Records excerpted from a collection
· · · ·

section \<open>The residue at infinity\<close>

lemma contour_integral_circlepath_inversion:
  assumes rho: "rho > 0"
  shows "contour_integral (circlepath 0 rho) (\<lambda>w. g (1 / w) / w ^ 2)
       = contour_integral (circlepath 0 (1 / rho)) g"
proof -
  have inv: "(\<lambda>w::complex. 1 / w) analytic_on (- {0})"
    by (auto intro!: analytic_intros)
  have image: "path_image (circlepath 0 rho) \<subseteq> - {0}" using rho by auto
  have "contour_integral ((\<lambda>w. 1 / w) \<circ> circlepath 0 rho) g
      = contour_integral (circlepath 0 rho) (\<lambda>w. deriv (\<lambda>w. 1 / w) w * g (1 / w))"
    by (rule contour_integral_comp_analyticW[OF inv valid_path_circlepath image])
  also have "\<dots> = contour_integral (circlepath 0 rho) (\<lambda>w. - (g (1 / w) / w ^ 2))"
  proof (rule contour_integral_cong[OF refl])
    fix w assume "w \<in> path_image (circlepath 0 rho)"
    then have w: "w \<noteq> 0" using rho by auto
    have "deriv (\<lambda>w. 1 / w) w = - 1 / w ^ 2"
      by (rule DERIV_imp_deriv) (use w in \<open>auto intro!: derivative_eq_intros simp: power2_eq_square\<close>)
    then show "deriv (\<lambda>w. 1 / w) w * g (1 / w) = - (g (1 / w) / w ^ 2)" by simp
  qed
  also have "\<dots> = - contour_integral (circlepath 0 rho) (\<lambda>w. g (1 / w) / w ^ 2)"
    by (rule contour_integral_neg)
  finally have comp: "contour_integral ((\<lambda>w. 1 / w) \<circ> circlepath 0 rho) g
                    = - contour_integral (circlepath 0 rho) (\<lambda>w. g (1 / w) / w ^ 2)" .
  have "(\<lambda>w. 1 / w) \<circ> circlepath 0 rho = reversepath (circlepath 0 (1 / rho))"
  proof
    fix t
    have "exp (2 * of_real pi * \<i> * of_real (1 - t)) = exp (2 * of_real pi * \<i> - 2 * of_real pi * \<i> * of_real t)"
      by (simp add: algebra_simps)
    also have "\<dots> = inverse (exp (2 * of_real pi * \<i> * of_real t))"
      by (simp add: exp_diff divide_inverse)
    finally show "((\<lambda>w. 1 / w) \<circ> circlepath 0 rho) t = reversepath (circlepath 0 (1 / rho)) t"
      by (simp add: circlepath reversepath_def divide_inverse mult.commute)
  qed
  then have "contour_integral ((\<lambda>w. 1 / w) \<circ> circlepath 0 rho) g = - contour_integral (circlepath 0 (1 / rho)) g"
    by (simp add: contour_integral_reversepath)
  with comp show ?thesis by simp
qed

· · · ·

WORK INSTRUCTION:
Lines holding "then" in the data above: copy each of them.

RESPONSE:
    then have w: "w \<noteq> 0" using rho by auto
    then show "deriv (\<lambda>w. 1 / w) w * g (1 / w) = - (g (1 / w) / w ^ 2)" by simp
  then have "contour_integral ((\<lambda>w. 1 / w) \<circ> circlepath 0 rho) g = - contour_integral (circlepath 0 (1 / rho)) g"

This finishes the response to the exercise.